definition fourier_mass :: "'b set \<Rightarrow> ('a \<Rightarrow> 'b) \<Rightarrow> 'a \<Rightarrow> real" where
  "fourier_mass B h \<alpha> = (\<Sum>b\<in>B. norm (\<Sum>a\<in>h -` {b}. character \<alpha> a)) / CARD('a)"

lemma fourier_mass_nonneg: "fourier_mass B h \<alpha> \<ge> 0"
  unfolding fourier_mass_def by (simp add: sum_nonneg)

lemma stat_dist_le_sum_prod_fourier_mass:
  assumes "n \<ge> 1" and "finite B" and "\<forall>j<n. \<forall>a. \<tau> j a \<in> B"
  shows "stat_dist (leak_dist n \<tau> (additive_code n)) (leak_dist n \<tau> (vecs n))
    \<le> (1/2) * (\<Sum>\<alpha>\<in>-{0}. \<Prod>j<n. fourier_mass B (\<tau> j) \<alpha>)"
proof -
  define N where "N \<alpha> j b = norm (\<Sum>a\<in>\<tau> j -` {b}. character \<alpha> a)" for \<alpha> j b
  have "(\<Sum>g\<in>PiE {..<n} (\<lambda>_. B). \<bar>pmf (leak_dist n \<tau> (additive_code n)) (map g [0..<n]) - pmf (leak_dist n \<tau> (vecs n)) (map g [0..<n])\<bar>)
      \<le> (\<Sum>g\<in>PiE {..<n} (\<lambda>_. B). (\<Sum>\<alpha>\<in>-{0}. \<Prod>j<n. N \<alpha> j (g j)) / CARD('a) ^ n)"
    unfolding N_def by (intro sum_mono abs_pmf_leak_diff_le assms(1))
  also have "\<dots> = (\<Sum>g\<in>PiE {..<n} (\<lambda>_. B). \<Sum>\<alpha>\<in>-{0}. (\<Prod>j<n. N \<alpha> j (g j)) / CARD('a) ^ n)"
    by (simp only: sum_divide_distrib)
  also have "\<dots> = (\<Sum>\<alpha>\<in>-{0}. \<Sum>g\<in>PiE {..<n} (\<lambda>_. B). (\<Prod>j<n. N \<alpha> j (g j)) / CARD('a) ^ n)"
    by (rule sum.swap)
  also have "\<dots> = (\<Sum>\<alpha>\<in>-{0}. (\<Prod>j<n. \<Sum>b\<in>B. N \<alpha> j b) / CARD('a) ^ n)"
    using assms(2) by (simp only: prod_sum_PiE finite_lessThan sum_divide_distrib[symmetric])
  also have "\<dots> = (\<Sum>\<alpha>\<in>-{0}. \<Prod>j<n. fourier_mass B (\<tau> j) \<alpha>)"
    unfolding fourier_mass_def N_def prod_dividef by simp
  finally have sum_le: "(\<Sum>g\<in>PiE {..<n} (\<lambda>_. B). \<bar>pmf (leak_dist n \<tau> (additive_code n)) (map g [0..<n]) - pmf (leak_dist n \<tau> (vecs n)) (map g [0..<n])\<bar>)
      \<le> (\<Sum>\<alpha>\<in>-{0}. \<Prod>j<n. fourier_mass B (\<tau> j) \<alpha>)" .
  have "stat_dist (leak_dist n \<tau> (additive_code n)) (leak_dist n \<tau> (vecs n)) = (1/2) *
    (\<Sum>g\<in>PiE {..<n} (\<lambda>_. B). \<bar>pmf (leak_dist n \<tau> (additive_code n)) (map g [0..<n]) - pmf (leak_dist n \<tau> (vecs n)) (map g [0..<n])\<bar>)"
    using assms(3) by (intro stat_dist_leak_dist_eq_sum additive_code_subset_vecs order.refl
        additive_code_nonempty vecs_nonempty assms(2)) auto
  with sum_le show ?thesis by simp
qed

lemma fourier_mass_le:
  assumes "\<alpha> \<noteq> 0" and "odd p" and B: "finite B" "B \<noteq> {}" and h: "\<And>a. h a \<in> B"
  shows "fourier_mass B h \<alpha> \<le> card B * sin (pi / card B) / (p * sin (pi / p))"
proof -
  have p3: "p \<ge> 3" using p_ge_2 \<open>odd p\<close> by presburger
  define \<phi> where "\<phi> b = Arg (\<Sum>a\<in>h -` {b}. character \<alpha> a)" for b
  define G where "G k = Max ((\<lambda>b. cos (2 * pi * k / p - \<phi> b)) ` B)" for k :: nat
  have img: "h ` UNIV \<subseteq> B" using h by auto
  have "(\<Sum>b\<in>B. norm (\<Sum>a\<in>h -` {b}. character \<alpha> a))
      = (\<Sum>b\<in>B. Re ((\<Sum>a\<in>h -` {b}. character \<alpha> a) * cis (- \<phi> b)))"
    unfolding \<phi>_def by (simp add: norm_eq_Re_mult_cis_Arg)
  also have "\<dots> = (\<Sum>b\<in>B. \<Sum>a\<in>{a \<in> UNIV. h a = b}. cos (2 * pi * T (\<alpha> * a) / p - \<phi> (h a)))"
    by (intro sum.cong refl) (auto simp: sum_distrib_right Re_sum character_def cis_mult vimage_def)
  also have "\<dots> = (\<Sum>a\<in>UNIV. cos (2 * pi * T (\<alpha> * a) / p - \<phi> (h a)))"
    by (rule sum.group[OF _ B(1) img]) simp
  also have "\<dots> \<le> (\<Sum>a\<in>UNIV. G (T (\<alpha> * a)))"
    unfolding G_def using B h by (intro sum_mono Max_ge) auto
  also have "\<dots> = (\<Sum>a\<in>UNIV. G (T a))"
    using \<open>\<alpha> \<noteq> 0\<close> by (intro sum.reindex_bij_witness[of _ "\<lambda>a. a / \<alpha>" "\<lambda>a. \<alpha> * a"]) auto
  also have "\<dots> = CARD('a) / p * (\<Sum>k<p. G k)"
    by (rule sum_T_equidistributed)
  also have "\<dots> \<le> CARD('a) / p * (card B * sin (pi / card B) / sin (pi / p))"
    unfolding G_def using \<open>odd p\<close> p3 B by (intro mult_left_mono sum_Max_cos_le) auto
  finally show ?thesis unfolding fourier_mass_def by (simp add: field_simps)
qed

lemma sum_fourier_mass_squared_le:
  assumes B: "finite B" and h: "\<And>a. h a \<in> B"
  shows "(\<Sum>\<alpha>\<in>UNIV. (fourier_mass B h \<alpha>)\<^sup>2) \<le> card B"
proof -
  define N where "N \<alpha> b = norm (\<Sum>a\<in>h -` {b}. character \<alpha> a)" for \<alpha> b
  define q where "q = real CARD('a)"
  have q: "q > 0" by (simp add: q_def)
  have "(fourier_mass B h \<alpha>)\<^sup>2 \<le> card B * (\<Sum>b\<in>B. (N \<alpha> b)\<^sup>2) / q\<^sup>2" for \<alpha>
    unfolding fourier_mass_def N_def q_def power_divide
    by (intro divide_right_mono sum_squared_le_sum_of_squares[THEN order.trans]) (simp_all add: mult.commute)
  then have "(\<Sum>\<alpha>\<in>UNIV. (fourier_mass B h \<alpha>)\<^sup>2) \<le> (\<Sum>\<alpha>\<in>UNIV. card B * (\<Sum>b\<in>B. (N \<alpha> b)\<^sup>2) / q\<^sup>2)"
    by (rule sum_mono)
  also have "\<dots> = card B * (\<Sum>b\<in>B. \<Sum>\<alpha>\<in>UNIV. (N \<alpha> b)\<^sup>2) / q\<^sup>2"
    by (simp add: sum.swap[of _ UNIV] sum_distrib_left flip: sum_divide_distrib)
  also have "(\<Sum>b\<in>B. \<Sum>\<alpha>\<in>UNIV. (N \<alpha> b)\<^sup>2) = q * (\<Sum>b\<in>B. real (card (h -` {b})))"
    unfolding N_def sum_norm_sum_character_squared q_def by (simp add: sum_distrib_left)
  also have "(\<Sum>b\<in>B. real (card (h -` {b}))) = q"
    using sum.group[OF _ B(1), of UNIV h "\<lambda>_. 1 :: real"] h unfolding q_def
    by (auto simp: vimage_def)
  finally show ?thesis using q by (simp add: power2_eq_square)
qed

**Exercise aim**: Scan the material above. Copy each line where "UNIV" occurs.

**Response for this exercise**:
  have img: "h ` UNIV \<subseteq> B" using h by auto
  also have "\<dots> = (\<Sum>b\<in>B. \<Sum>a\<in>{a \<in> UNIV. h a = b}. cos (2 * pi * T (\<alpha> * a) / p - \<phi> (h a)))"
  also have "\<dots> = (\<Sum>a\<in>UNIV. cos (2 * pi * T (\<alpha> * a) / p - \<phi> (h a)))"
  also have "\<dots> \<le> (\<Sum>a\<in>UNIV. G (T (\<alpha> * a)))"
  also have "\<dots> = (\<Sum>a\<in>UNIV. G (T a))"
  shows "(\<Sum>\<alpha>\<in>UNIV. (fourier_mass B h \<alpha>)\<^sup>2) \<le> card B"
  then have "(\<Sum>\<alpha>\<in>UNIV. (fourier_mass B h \<alpha>)\<^sup>2) \<le> (\<Sum>\<alpha>\<in>UNIV. card B * (\<Sum>b\<in>B. (N \<alpha> b)\<^sup>2) / q\<^sup>2)"
  also have "\<dots> = card B * (\<Sum>b\<in>B. \<Sum>\<alpha>\<in>UNIV. (N \<alpha> b)\<^sup>2) / q\<^sup>2"
    by (simp add: sum.swap[of _ UNIV] sum_distrib_left flip: sum_divide_distrib)
  also have "(\<Sum>b\<in>B. \<Sum>\<alpha>\<in>UNIV. (N \<alpha> b)\<^sup>2) = q * (\<Sum>b\<in>B. real (card (h -` {b})))"
    using sum.group[OF _ B(1), of UNIV h "\<lambda>_. 1 :: real"] h unfolding q_def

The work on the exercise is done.